Most important is that Luke provides for us a model for the journey of spiritual discovery, the journey from Jerusalem to Emmaus. The journey from Jerusalem to Emmaus is a powerful spiritual pilgrimage in the geography of the soul. Jerusalem is place where sobering sacrifice leads first to confusing pain. Emmaus is a place where everything comes clear. Emmaus is a place of perspective. Sometimes just getting a little distance from our pain is most helpful. Jerusalem to Emmaus is a physical journey of seven miles that begins in confusion and ends in elation. It starts in disappointment and ends in revelation. It starts without knowledge of anything-- and ends with a face to face encounter with the living Christ.
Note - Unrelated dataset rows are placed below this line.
(* Let $1<p<\infty$ and let $X$ be a Banach space isomorphic to $\ell_p$. Then for every nonempty bounded closed convex $C\subset X$, every $\mathfrak{cm}$-nonexpansive map $T\colon C\to C$ has a fixed point.
   Context: For a bounded convex set $C$, a nonexpansive map $T\colon C\to C$ is $\mathfrak{cm}$-nonexpansive if for all $n\in\mathbb{N}$, $y\in C$ and sequences $(u_i)_{i=1}^\infty\subset C$: $\limsup_{i\to\infty}\sup_{A\subset\{1,\dots,n\}}\|\sum_{k\in A}(Tu_{i+k}-Ty)\|\le\limsup_{i\to\infty}\sup_{A\subset\{1,\dots,n\}}\|\sum_{k\in A}(u_{i+k}-y)\|$, where $\|\cdot\|$ is the norm of $X$. *)

theory Defs
  imports "HOL-Analysis.Analysis"
begin

definition lp_space :: "real \<Rightarrow> (nat \<Rightarrow> real) set" where
  "lp_space p = {x. summable (\<lambda>n. \<bar>x n\<bar> powr p)}"

definition lp_norm :: "real \<Rightarrow> (nat \<Rightarrow> real) \<Rightarrow> real" where
  "lp_norm p x = (\<Sum>n. \<bar>x n\<bar> powr p) powr (1 / p)"

definition isomorphic_to_lp :: "real \<Rightarrow> 'a::real_normed_vector itself \<Rightarrow> bool" where
  "isomorphic_to_lp p _ \<longleftrightarrow>
     (\<exists>L :: 'a \<Rightarrow> (nat \<Rightarrow> real).
        (\<forall>x y n. L (x + y) n = L x n + L y n) \<and>
        (\<forall>c x n. L (c *\<^sub>R x) n = c * L x n) \<and>
        bij_betw L UNIV (lp_space p) \<and>
        (\<exists>a b. 0 < a \<and> 0 < b \<and>
           (\<forall>x. a * norm x \<le> lp_norm p (L x) \<and> lp_norm p (L x) \<le> b * norm x)))"

definition nonexpansive_on :: "'a::real_normed_vector set \<Rightarrow> ('a \<Rightarrow> 'a) \<Rightarrow> bool" where
  "nonexpansive_on C T \<longleftrightarrow> (\<forall>x\<in>C. \<forall>y\<in>C. norm (T x - T y) \<le> norm (x - y))"

definition cm_quantity :: "nat \<Rightarrow> (nat \<Rightarrow> 'a::real_normed_vector) \<Rightarrow> 'a \<Rightarrow> ereal" where
  "cm_quantity n v y =
     limsup (\<lambda>i. ereal (Max ((\<lambda>A. norm (\<Sum>k\<in>A. v (i + k) - y)) ` Pow {1..n})))"

definition cm_nonexpansive :: "'a::real_normed_vector set \<Rightarrow> ('a \<Rightarrow> 'a) \<Rightarrow> bool" where
  "cm_nonexpansive C T \<longleftrightarrow>
     (\<forall>x\<in>C. T x \<in> C) \<and> nonexpansive_on C T \<and>
     (\<forall>n::nat. \<forall>y\<in>C. \<forall>u::nat \<Rightarrow> 'a. (\<forall>i. u i \<in> C) \<longrightarrow>
        cm_quantity n (\<lambda>i. T (u i)) (T y) \<le> cm_quantity n u y)"

end

theory Submission
  imports Defs "HOL-Complex_Analysis.Great_Picard"
begin

(* Take an approximate fixed point sequence of T in C. Through the isomorphism with l_p a
   subsequence converges coordinatewise to some y, and a gliding hump argument splits a further
   subsequence as u_j - y = beta_j + eps_j with disjointly supported blocks beta_j and errors
   with norm at most 2^-j. Disjointness in l_p gives
   norm (sum_{j in B} (u_j - y)) <= K |B|^(1/p) + c, which is o(|B|) because p > 1.
   Hence the Cesaro means of (u_j) converge to y, so y lies in C, and the cm-condition for the
   windows of length n of (u_j) yields n norm (y - T y) <= 2 (K n^(1/p) + c) + 1 for every n,
   forcing T y = y. *)

section \<open>Estimates in l_p\<close>

definition lp_sum :: "real \<Rightarrow> (nat \<Rightarrow> real) \<Rightarrow> real" where
  "lp_sum p x = (\<Sum>n. \<bar>x n\<bar> powr p)"

lemma lp_sum_nonneg: "x \<in> lp_space p \<Longrightarrow> 0 \<le> lp_sum p x"
  unfolding lp_sum_def lp_space_def by (auto intro: suminf_nonneg)

lemma lp_norm_eq_lp_sum: "lp_norm p x = lp_sum p x powr (1 / p)"
  unfolding lp_norm_def lp_sum_def ..

lemma lp_norm_le_iff:
  assumes "0 < p" "0 \<le> M" "x \<in> lp_space p"
  shows "lp_norm p x \<le> M \<longleftrightarrow> lp_sum p x \<le> M powr p"
proof
  assume "lp_norm p x \<le> M"
  then have "(lp_sum p x powr (1 / p)) powr p \<le> M powr p"
    unfolding lp_norm_eq_lp_sum using assms by (intro powr_mono2) auto
  then show "lp_sum p x \<le> M powr p"
    using assms lp_sum_nonneg by (simp add: powr_powr)
next
  assume "lp_sum p x \<le> M powr p"
  then have "lp_sum p x powr (1 / p) \<le> (M powr p) powr (1 / p)"
    using assms lp_sum_nonneg by (intro powr_mono2) auto
  then show "lp_norm p x \<le> M"
    using assms by (simp add: lp_norm_eq_lp_sum powr_powr)
qed

lemma abs_le_lp_norm:
  assumes "0 < p" "x \<in> lp_space p"
  shows "\<bar>x n\<bar> \<le> lp_norm p x"
proof -
  have "\<bar>x n\<bar> powr p \<le> lp_sum p x"
    using sum_le_suminf[of "\<lambda>n. \<bar>x n\<bar> powr p" "{n}"] assms
    unfolding lp_sum_def lp_space_def by auto
  then have "(\<bar>x n\<bar> powr p) powr (1 / p) \<le> lp_sum p x powr (1 / p)"
    using assms by (intro powr_mono2) auto
  then show ?thesis
    using assms by (simp add: powr_powr lp_norm_eq_lp_sum)
qed

lemma lp_space_mono:
  assumes "y \<in> lp_space p" "\<And>n. \<bar>x n\<bar> \<le> \<bar>y n\<bar>" "0 < p"
  shows "x \<in> lp_space p"
proof -
  have "norm (\<bar>x n\<bar> powr p) \<le> \<bar>y n\<bar> powr p" for n
    using powr_mono2[of p "\<bar>x n\<bar>" "\<bar>y n\<bar>"] assms(2,3) by simp
  then show ?thesis
    using assms(1) unfolding lp_space_def by (auto intro: summable_comparison_test')
qed

lemma lp_norm_mono:
  assumes "y \<in> lp_space p" "\<And>n. \<bar>x n\<bar> \<le> \<bar>y n\<bar>" "0 < p"
  shows "lp_norm p x \<le> lp_norm p y"
proof -
  have "\<bar>x n\<bar> powr p \<le> \<bar>y n\<bar> powr p" for n
    using powr_mono2[of p "\<bar>x n\<bar>" "\<bar>y n\<bar>"] assms(2,3) by simp
  then have "lp_sum p x \<le> lp_sum p y"
    using assms(1) lp_space_mono[OF assms] unfolding lp_sum_def lp_space_def
    by (intro suminf_le) auto
  then show ?thesis
    unfolding lp_norm_eq_lp_sum using assms lp_space_mono[OF assms]
    by (intro powr_mono2) (auto intro: lp_sum_nonneg)
qed

lemma lp_space_pointwise_limit:
  assumes p: "0 < p" and x: "\<And>i. x i \<in> lp_space p" and K: "\<And>i. lp_norm p (x i) \<le> K"
    and lim: "\<And>n. (\<lambda>i. x i n) \<longlonglongrightarrow> z n"
  shows "z \<in> lp_space p"
  unfolding lp_space_def
proof (safe intro!: bounded_imp_summable)
  have "0 \<le> K"
    using K[of 0] unfolding lp_norm_def by (meson order_trans powr_ge_zero)
  fix N
  have "(\<lambda>i. \<Sum>n\<le>N. \<bar>x i n\<bar> powr p) \<longlonglongrightarrow> (\<Sum>n\<le>N. \<bar>z n\<bar> powr p)"
    using p lim by (intro tendsto_sum tendsto_powr2 tendsto_rabs) auto
  moreover have "(\<Sum>n\<le>N. \<bar>x i n\<bar> powr p) \<le> K powr p" for i
  proof -
    have "(\<Sum>n\<le>N. \<bar>x i n\<bar> powr p) \<le> lp_sum p (x i)"
      using x[of i] unfolding lp_sum_def lp_space_def by (intro sum_le_suminf) auto
    also have "\<dots> \<le> K powr p"
      using lp_norm_le_iff[OF p \<open>0 \<le> K\<close> x] K by blast
    finally show ?thesis .
  qed
  ultimately show "(\<Sum>n\<le>N. \<bar>z n\<bar> powr p) \<le> K powr p"
    by (intro LIMSEQ_le_const2) auto
qed auto

lemma abs_sum_powr_disjoint:
  fixes b :: "'k \<Rightarrow> real"
  assumes "finite A" and disj: "\<And>k k'. k \<in> A \<Longrightarrow> k' \<in> A \<Longrightarrow> k \<noteq> k' \<Longrightarrow> b k = 0 \<or> b k' = 0"
  shows "\<bar>\<Sum>k\<in>A. b k\<bar> powr p = (\<Sum>k\<in>A. \<bar>b k\<bar> powr p)"
proof (cases "\<exists>k0\<in>A. b k0 \<noteq> 0")
  case True
  then obtain k0 where k0: "k0 \<in> A" "b k0 \<noteq> 0" by blast
  then have "b k = 0" if "k \<in> A - {k0}" for k
    using disj that by blast
  then show ?thesis
    using assms k0 by (simp add: sum.remove)
qed simp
How do we get there?
A careful reading reveals seven steps in the journey that measures seven miles from Jerusalem to Emmaus. We will look at these steps over the next few days.
Now that same day two of them were going to a village called Emmaus, about seven miles from Jerusalem. Every journey must begin. There must be a first step. We must start. These two disciples set out on a two to three hour walk late in the afternoon. How do you begin to recover from a place of disappointment or pain? You start. It is that simple.
Where do we start? They started out with another. They did not go at this journey alone. One of the big mistakes we often make when we are disappointed or hurt is that we isolate ourselves. These two set out on a journey together. Peter went off by himself. He would eventually be restored but it took a much longer period of time. We need to find another and start the journey.
We might even ask: Am I qualified to start the journey? Don't I have to do something to get ready for a spiritual discovery? The only qualification is to be confused or disappointed, or unsure or frightened, or even just disillusioned or skeptical. The key is to start. That is the first step.
For all the confusion of that week in Jerusalem these two did not give up. They did not despair. They started over again. They headed home. That is truly the direction of our spiritual quest. We all yearn to go home if we understand "home" as that place of spiritual wholeness with God. That is where these two were really headed.
The most difficult step in a journey of many miles is the first one. Just getting started on the journey of faith, especially when we feel defeated, can be terribly difficult. These two felt defeated. We know that this was a day of great victory, but they did not know that. The hardest thing to do when you are defeated is to get up and get going.
They could have just stayed in Jerusalem but they did not. We often get stuck in our lives because we think we are leashed. These guys did not know exactly what the future would hold but they were going there. They were going to work this out.
Here is a question. Have you been stuck? Have you been disillusioned or disappointed, hurt or perplexed, unsure or frightened? The journey starts with a first step. Is there someone or someplace that you need to find in order to start the journey of discovering the wonder of God's Life and Resurrection?
Do you know someone who is stuck? The key is not jump to the end of the journey. Don't push the complicated stuff. The key is to begin. Invite that person to take the first step with you. The journey is not about getting all the theology right. That sort of thing will come later. The key is to start. For some, that first step can be so hard.
Father, thank You for the journey of spiritual discover and healing that we find in Jesus. Thank You for the gentle journey called Emmaus. Help me to take the first step. Help me to invite another who is stuck to take the first step. In Jesus' name.